Sixth Annual ACM Symposium on Parallel Algorithms and
Architectures, June 27-29, 1994, Cape May, New Jersey, pp. 104-113.
List Ranking and List Scan on the Cray C-90
Margaret Reid-Miller
List ranking and list scan are two primitive operations used in many
parallel algorithms that use list, trees, and graph data structures.
But vectorizing and parallelizing list ranking is a challenge because
it is highly communication intensive and dynamic. In addition, the
serial algorithm is very simple and has very small constants. In
order to compete, a parallel algorithm must also be simple and have
small constants. A parallel algorithm due to Wyllie is such an
algorithm, but it is not work efficient--its performance degrades for
longer and longer linked lists. In contrast, work efficient PRAM
algorithms developed to date have very large constants. We introduce
a new fully vectorized and parallelized algorithm that both is work
efficient and has small constants. It does not achieve O(log n)

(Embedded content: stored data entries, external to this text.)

lemma rayleigh_minimizer_eigenfunction:
  assumes "finite V" and "\<And>x y. c x y = c y x" and "\<And>x. x \<in> V \<Longrightarrow> w x > 0"
    and "(\<Sum>x\<in>V. w x * \<phi>0 x) = 0" and "(\<Sum>x\<in>V. w x * (\<phi>0 x)\<^sup>2) = 1"
    and "\<And>\<phi>. (\<Sum>x\<in>V. w x * \<phi> x) = 0 \<Longrightarrow>
           dirichlet_form V c w \<phi>0 \<phi>0 * (\<Sum>x\<in>V. w x * (\<phi> x)\<^sup>2) \<le> dirichlet_form V c w \<phi> \<phi>"
  shows "\<forall>x\<in>V. - A_gen V c w \<phi>0 x = dirichlet_form V c w \<phi>0 \<phi>0 * \<phi>0 x"
proof -
  define \<mu> where "\<mu> = dirichlet_form V c w \<phi>0 \<phi>0"
  txt \<open>The defect \<open>g\<close> is itself \<open>w\<close>-centred, so the first variation in direction \<open>g\<close>
    forces its \<open>w\<close>-norm to vanish.\<close>
  define g where "g x = - A_gen V c w \<phi>0 x - \<mu> * \<phi>0 x" for x
  have "(\<Sum>x\<in>V. w x * g x) = - (\<Sum>x\<in>V. w x * A_gen V c w \<phi>0 x) - \<mu> * (\<Sum>x\<in>V. w x * \<phi>0 x)"
    by (simp add: g_def algebra_simps sum_subtractf sum_negf sum_distrib_left)
  then have g_mean: "(\<Sum>x\<in>V. w x * g x) = 0"
    using sum_weighted_A_gen_eq_0[OF assms(1,2)] assms(4) by simp
  have "w x * (g x)\<^sup>2 = - (w x * g x * A_gen V c w \<phi>0 x) - \<mu> * (w x * \<phi>0 x * g x)" for x
    by (simp add: g_def power2_eq_square algebra_simps)
  then have "(\<Sum>x\<in>V. w x * (g x)\<^sup>2)
      = - (\<Sum>x\<in>V. w x * g x * A_gen V c w \<phi>0 x) - \<mu> * (\<Sum>x\<in>V. w x * \<phi>0 x * g x)"
    by (simp add: sum_subtractf sum_negf sum_distrib_left)
  also have "\<dots> = dirichlet_form V c w \<phi>0 g - \<mu> * (\<Sum>x\<in>V. w x * \<phi>0 x * g x)"
    using A_gen_green_identity[OF assms(1,2)] dirichlet_form_commute by simp
  also have "\<dots> = 0"
    using rayleigh_minimizer_first_variation[OF assms(4-6) g_mean] by (simp add: \<mu>_def)
  finally have g_sq: "\<forall>x\<in>V. w x * (g x)\<^sup>2 = 0"
    using assms(1,3) by (subst sum_nonneg_eq_0_iff[symmetric]) (auto simp: less_imp_le)
  have "g x = 0" if "x \<in> V" for x
  proof -
    have "w x * (g x)\<^sup>2 = 0" using g_sq that by blast
    then show ?thesis using assms(3)[OF that] by simp
  qed
  then show ?thesis by (simp add: g_def \<mu>_def)
qed

lemma dirichlet_form_eq_0_mean_zero_imp_eq_0:
  assumes "finite V" and "\<And>x y. c x y \<ge> 0" and "\<And>x. x \<in> V \<Longrightarrow> w x > 0"
    and "connected_weights V c" and "dirichlet_form V c w \<phi> \<phi> = 0"
    and "(\<Sum>x\<in>V. w x * \<phi> x) = 0" and "x \<in> V"
  shows "\<phi> x = 0"
proof -
  have "(\<Sum>y\<in>V. w y * \<phi> y) = (\<Sum>y\<in>V. \<phi> x * w y)"
  proof (rule sum.cong[OF refl])
    fix y assume "y \<in> V"
    have "\<phi> y = \<phi> x"
      by (rule dirichlet_form_eq_0_imp_constant[of V c w]) (use assms \<open>y \<in> V\<close> in auto)
    then show "w y * \<phi> y = \<phi> x * w y" by simp
  qed
  then have "\<phi> x * (\<Sum>y\<in>V. w y) = 0"
    using assms(6) by (simp add: sum_distrib_left)
  moreover have "(\<Sum>y\<in>V. w y) > 0"
    using assms(3,7) by (intro sum_pos2[OF assms(1,7)]) (auto simp: less_imp_le)
  ultimately show ?thesis by simp
qed

lemma spectral_gap_eigenvalue:
  assumes "finite V" and "card V \<ge> 2" and "\<And>x y. c x y = c y x" and "\<And>x y. c x y \<ge> 0"
    and "connected_weights V c" and "\<And>x. x \<in> V \<Longrightarrow> w x > 0"
  obtains \<mu> where "\<mu> > 0" and "is_eigenvalue_negA V c w \<mu>"
    and "\<And>\<phi>. (\<Sum>x\<in>V. w x * \<phi> x) = 0 \<Longrightarrow>
           \<mu> * (\<Sum>x\<in>V. w x * (\<phi> x)\<^sup>2) \<le> dirichlet_form V c w \<phi> \<phi>"
proof -
  obtain \<phi>0 where mean: "(\<Sum>x\<in>V. w x * \<phi>0 x) = 0" and norm: "(\<Sum>x\<in>V. w x * (\<phi>0 x)\<^sup>2) = 1"
    and min: "\<And>\<phi>. (\<Sum>x\<in>V. w x * \<phi> x) = 0 \<Longrightarrow>
           dirichlet_form V c w \<phi>0 \<phi>0 * (\<Sum>x\<in>V. w x * (\<phi> x)\<^sup>2) \<le> dirichlet_form V c w \<phi> \<phi>"
    by (rule rayleigh_quotient_attains_min[of V c w]) (use assms in auto)
  define \<mu> where "\<mu> = dirichlet_form V c w \<phi>0 \<phi>0"
  have eigenfunction: "\<forall>x\<in>V. - A_gen V c w \<phi>0 x = \<mu> * \<phi>0 x"
    unfolding \<mu>_def by (rule rayleigh_minimizer_eigenfunction[of V c w]) (use assms mean norm min in auto)
  obtain x0 where x0: "x0 \<in> V" "\<phi>0 x0 \<noteq> 0"
    using sum.not_neutral_contains_not_neutral[of "\<lambda>x. w x * (\<phi>0 x)\<^sup>2" V] norm by auto
  then have eigen: "is_eigenvalue_negA V c w \<mu>"
    unfolding is_eigenvalue_negA_def using eigenfunction by blast
  have "\<mu> \<noteq> 0"
    using dirichlet_form_eq_0_mean_zero_imp_eq_0[of V c w \<phi>0 x0] assms mean x0 by (auto simp: \<mu>_def)
  moreover have "\<mu> \<ge> 0"
    unfolding \<mu>_def using assms(4,6) by (simp add: dirichlet_form_nonneg less_imp_le)
  ultimately have "\<mu> > 0" by simp
  from this eigen show ?thesis
    by (rule that) (unfold \<mu>_def, rule min)
qed

lemma gap_RW_le_eigenvalue:
  assumes "finite V" and "\<And>x y. c x y = c y x" and "\<And>x y. c x y \<ge> 0"
    and "\<And>x. x \<in> V \<Longrightarrow> w x > 0" and "is_eigenvalue_negA V c w e" and "e \<noteq> 0"
  shows "gap_RW V c w \<le> e"
  unfolding gap_RW_def
proof (rule cInf_lower)
  show "bdd_below {e. e \<noteq> 0 \<and> is_eigenvalue_negA V c w e}"
    using eigenvalue_negA_nonneg[of V c w] assms(1-4) by (intro bdd_belowI[of _ 0]) blast
qed (use assms(5,6) in simp)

running time, but we contend that work efficiency and small constants
is more important, given that vector and multiprocessor machines are
used for problems that are much larger than the number of processors
and, therefore, the O(log n) time is never achieved in practice. In
particular, to the best of our knowledge, our implementation of list
ranking and list scan on the Cray C-90 is the fastest implementation
to date. In addition, it is the first implementation of which we are
aware that outperforms fast workstations. The success of our
algorithm is due to its relatively large grain size and simplicity of
the inner loops, and the success of the implementation is due to
pipelining reads and writes through vectorization to hide latency,
minimizing load balancing by deriving equations for predicting and
optimizing performance, and avoiding conditional tests except when
load balancing.